На этом споры о чесноке на сегодня были закончены. Конечно, она была права: чеснок — растение очень вкусное и полезное для здоровья, и отказываться от него старомодно, вот только привкус чеснока еще долго оставался у него в горле после того, как чеснок попадал в желудок.

— Ну, это объясняется совершенно естественно.

— И как же?.. — Она готова была развязать войну. Как дикое животное, она оторвала остатки куриного мяса от костей, схватила дуршлаг, вывалила его содержимое в салатную миску, а потом туда же бросила мясо.

— Например, тем, что дети выросли и разъехались. А это может многому положить конец. — Он чувствовал себя так, словно произнес реплику из дешевой пьесы. Он понимал, о чем она говорит. Понимал, но не мог заговорить об этом. Не мог даже думать о том, что все это значило.

— Да, это похоже на правду… — Видимо, это не особо ее убедило. — Их дети действительно разъехались, это точно. От них и следа не осталось.

— Это странно, понимаю.

— Почему? Ведь такие сплоченные семьи — я бы даже сказала «команды» — не разваливаются?

— Ты разговаривала с Кронбергом?

— А ты с ним говорил?

— Вчера. Совершенно случайно. Он выяснил, что дочь уехала в Данию, там училась в школе хиппи, потом выскочила замуж за иностранца и тут же развелась. А больше ничего. Сын работал в нефтяном секторе за границей. Его следы теряются в Венесуэле почти двадцать лет назад.

— Тебе небезразлично!

— Все так и стремятся поговорить со мной об этом.
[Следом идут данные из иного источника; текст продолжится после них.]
lemma Phi_closed:
  assumes c: "c \<in> tens_space F H"
  shows "Phi F H G \<iota> \<sigma> c \<in> grp_alg G"
proof -
  have "{g. Phi F H G \<iota> \<sigma> c g \<noteq> 0} \<subseteq> (\<lambda>(x, y). \<iota> x \<otimes>\<^bsub>G\<^esub> \<sigma> y) ` {p. c p \<noteq> 0}"
  proof
    fix g assume "g \<in> {g. Phi F H G \<iota> \<sigma> c g \<noteq> 0}"
    then have g: "g \<in> carrier G" "c (decomp g) \<noteq> 0" unfolding Phi_eq by (auto split: if_splits)
    obtain x y where "x \<in> carrier F" "y \<in> carrier H" "g = \<iota> x \<otimes>\<^bsub>G\<^esub> \<sigma> y" "decomp g = (x, y)"
      using g(1) by (rule decompose)
    then show "g \<in> (\<lambda>(x, y). \<iota> x \<otimes>\<^bsub>G\<^esub> \<sigma> y) ` {p. c p \<noteq> 0}" using g(2) by force
  qed
  moreover have "finite {p. c p \<noteq> 0}" using c unfolding tens_space_def fsupp_on_def by blast
  ultimately have "finite {g. Phi F H G \<iota> \<sigma> c g \<noteq> 0}" by (blast intro: finite_surj)
  moreover have "{g. Phi F H G \<iota> \<sigma> c g \<noteq> 0} \<subseteq> carrier G" unfolding Phi_eq by auto
  ultimately show ?thesis unfolding grp_alg_def fsupp_on_def by blast
qed

lemma Phi_inj: "inj_on (Phi F H G \<iota> \<sigma>) (tens_space F H :: ('f \<times> 'h \<Rightarrow> 'k::comm_ring_1) set)"
proof (rule inj_onI)
  fix c d :: "'f \<times> 'h \<Rightarrow> 'k"
  assume c: "c \<in> tens_space F H" and d: "d \<in> tens_space F H"
    and eq: "Phi F H G \<iota> \<sigma> c = Phi F H G \<iota> \<sigma> d"
  show "c = d"
  proof
    fix p :: "'f \<times> 'h"
    obtain x y where p: "p = (x, y)" by (cases p)
    show "c p = d p"
    proof (cases "x \<in> carrier F \<and> y \<in> carrier H")
      case True
      then have "Phi F H G \<iota> \<sigma> c (\<iota> x \<otimes>\<^bsub>G\<^esub> \<sigma> y) = c p" "Phi F H G \<iota> \<sigma> d (\<iota> x \<otimes>\<^bsub>G\<^esub> \<sigma> y) = d p"
        unfolding Phi_eq using p decomp_eq by simp_all
      then show ?thesis using eq by simp
    next
      case False
      then have "c p = 0" "d p = 0" using c d p unfolding tens_space_def fsupp_on_def by blast+
      then show ?thesis by simp
    qed
  qed
qed
definition lattice_pts :: "(int ^ 'd) list \<Rightarrow> nat" where
  "lattice_pts B = card {v :: int ^ 'd. rvec v \<in> fund_par B}"

text \<open>B with column l deleted (0-based index l).\<close>
definition del_col :: "(int ^ 'd) list \<Rightarrow> nat \<Rightarrow> (int ^ 'd) list" where
  "del_col B l = take l B @ drop (Suc l) B"

text \<open>Fractionality of (0-based) index i: maximum denominator (in lowest terms) of
  the i-th coordinate of the rational coefficient vector x with Bx = b, over
  integer vectors b in the span of B.\<close>
definition frac :: "(int ^ 'd) list \<Rightarrow> nat \<Rightarrow> nat" where
  "frac B i = Max {nat (snd (quotient_of (x i))) | x b.
      lincomb B (\<lambda>k. of_rat (x k)) = rvec (b :: int ^ 'd)}"

end

theory Submission
  imports Defs
begin

(* The coordinates x_l of the integer points Bx of span(B) form an additive subgroup G of the
   reals containing 1.  As Pi(B) contains only finitely many integer points, G meets [0,1) in a
   finite set, so G = (1/n)Z for some n > 0; thus all coordinates are rational, the fractionality
   of l is n, and exactly n values of x_l occur in Pi(B).  Translating by a point of Pi(B) with
   x_l = t and reducing modulo the lattice B Z^j maps the points with x_l = t bijectively onto
   those with x_l = 0, which are the integer points of Pi(B \ B_l). *)

lemma discrete_subgroup_reals_eq_multiples:
  fixes G :: "real set"
  assumes one: "1 \<in> G"
    and comb: "\<And>a c g h. g \<in> G \<Longrightarrow> h \<in> G \<Longrightarrow> of_int a * g + of_int c * h \<in> G"
    and fin: "finite {g \<in> G. 0 \<le> g \<and> g < 1}"
  obtains n :: nat where "n > 0" and "G = range (\<lambda>k. of_int k / of_nat n)"
proof -
  define P where "P = {g \<in> G. 0 < g \<and> g \<le> 1}"
  have "finite P"
    by (rule finite_subset[OF _ finite_insert[THEN iffD2, OF fin, of 1]]) (auto simp: P_def)
  moreover have "1 \<in> P" using one by (simp add: P_def)
  ultimately have "Min P \<in> P" by (intro Min_in) auto
  define g0 where "g0 = Min P"
  have g0: "g0 \<in> G" "0 < g0" "g0 \<le> 1" using \<open>Min P \<in> P\<close> by (auto simp: g0_def P_def)
  have multiple: "\<exists>k. g = of_int k * g0" if "g \<in> G" for g
  proof -
    \<comment> \<open>The remainder of g modulo the least positive element g0 of G lies in G \<inter> [0, g0).\<close>
    define r where "r = g - of_int \<lfloor>g / g0\<rfloor> * g0"
    have "r \<in> G" using comb[OF that g0(1), of 1 "- \<lfloor>g / g0\<rfloor>"] by (simp add: r_def)
    have "0 \<le> r" "r < g0"
      using g0(2) floor_divide_lower[of g0 g] floor_divide_upper[of g0 g]
      by (auto simp: r_def algebra_simps)
    have "r = 0"
    proof (rule ccontr)
      assume "r \<noteq> 0"
      then have "r \<in> P" using \<open>r \<in> G\<close> \<open>0 \<le> r\<close> \<open>r < g0\<close> g0(3) by (simp add: P_def)
      then have "g0 \<le> r" using \<open>finite P\<close> by (simp add: g0_def)
      with \<open>r < g0\<close> show False by simp
    qed
    then show ?thesis by (auto simp: r_def)
  qed
  obtain m where m: "1 = of_int m * g0" using multiple[OF one] by blast
  have "m > 0" using m g0(2) by (metis of_int_0_less_iff zero_less_mult_pos2 zero_less_one)
  define n where "n = nat m"
  have g0n: "g0 = 1 / of_nat n" using m \<open>m > 0\<close> by (simp add: n_def field_simps)
  have "G = range (\<lambda>k. of_int k / of_nat n)"
  proof
    show "G \<subseteq> range (\<lambda>k. of_int k / of_nat n)" using multiple by (auto simp: g0n)
    show "range (\<lambda>k. of_int k / of_nat n) \<subseteq> G"
      using comb[OF g0(1) g0(1), of _ 0] by (auto simp: g0n)
  qed
  moreover have "n > 0" using \<open>m > 0\<close> by (simp add: n_def)
  ultimately show ?thesis using that by blast
qed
Все полагают, что мне небезразлично, ведь я был знаком с ними и три года учился с их сыном.

— Тебе не вывернуться, даже если будешь называть своего старого дружка Клауса «их сыном».

— Ладно-ладно, мы одно время дружили.

— И каким он был?

— Неплохим, но немного своеобразным.

— Что значит «своеобразным», а, Юнфинн?

— Он был вроде как отстраненным. Хорошо учился, но его интересовало вовсе не это. Его голова была забита музыкой. Уже тогда он был отличным скрипачом. И, как все подростки, всячески пытался культивировать в себе мужественность, но у него не очень получалось, и его отец немного давил на него. Георг, помнится, любил высказываться на его счет, я уж не знаю, как это воспринимал сам Клаус, потому что тогда мы уже перестали общаться.

— А почему вы перестали общаться?

Он вытер полотенцем руки и, не зная, чем еще их занять, принялся резать батон.

— Хм… почему так бывает? Возможно, он немного надоел мне. Он хвостом ходил за мной, стал казаться слишком навязчивым. А потом прекратил, будто зашел уже слишком далеко.

— А потом?

Придется ему продолжить рассказ, надо только рассказать о чем-то не относящемся к делу.

— Я успешно занимался спортом, и мальчишки это ценили. Он же был неспортивным и пользовался моей славой. Это всем было ясно, и его невзлюбили. Грустно сейчас это вспоминать, но, когда тебе семнадцать, о таком не задумываешься.

— Когда тебе сорок три, о таком задумываются еще меньше.

— Ты о чем это?

— С тех пор как ты съездил на виллу, Юнфинн, ты сам не свой. Не стану утверждать, что я знаю тебя, как свои пять пальцев, но прежде я тебя таким не видела. Если тебе сложно говорить об этом, то давить я не буду, но я просто прошу тебя все обдумать, — может, ты вспомнишь что-нибудь, какую-нибудь зацепку, которая поможет раскрыть эту тайну, которая всплыла только сейчас, спустя много лет.

— Ты хочешь сказать — не тайну, а ложь.

— Ну, хорошо, ложь… — Увидев, что он не хочет больше ничего говорить, она спросила: — Не хочешь об этом?

Он покачал головой. Ему было не по себе. Он хотел быть с ней честным, не скрывать ничего. Следовало объясниться, это могло помочь ей в работе. Он не хотел причинять ей страдания из-за событий многолетней давности, о которых, как ему казалось, он уже забыл и которые вычеркнул из памяти.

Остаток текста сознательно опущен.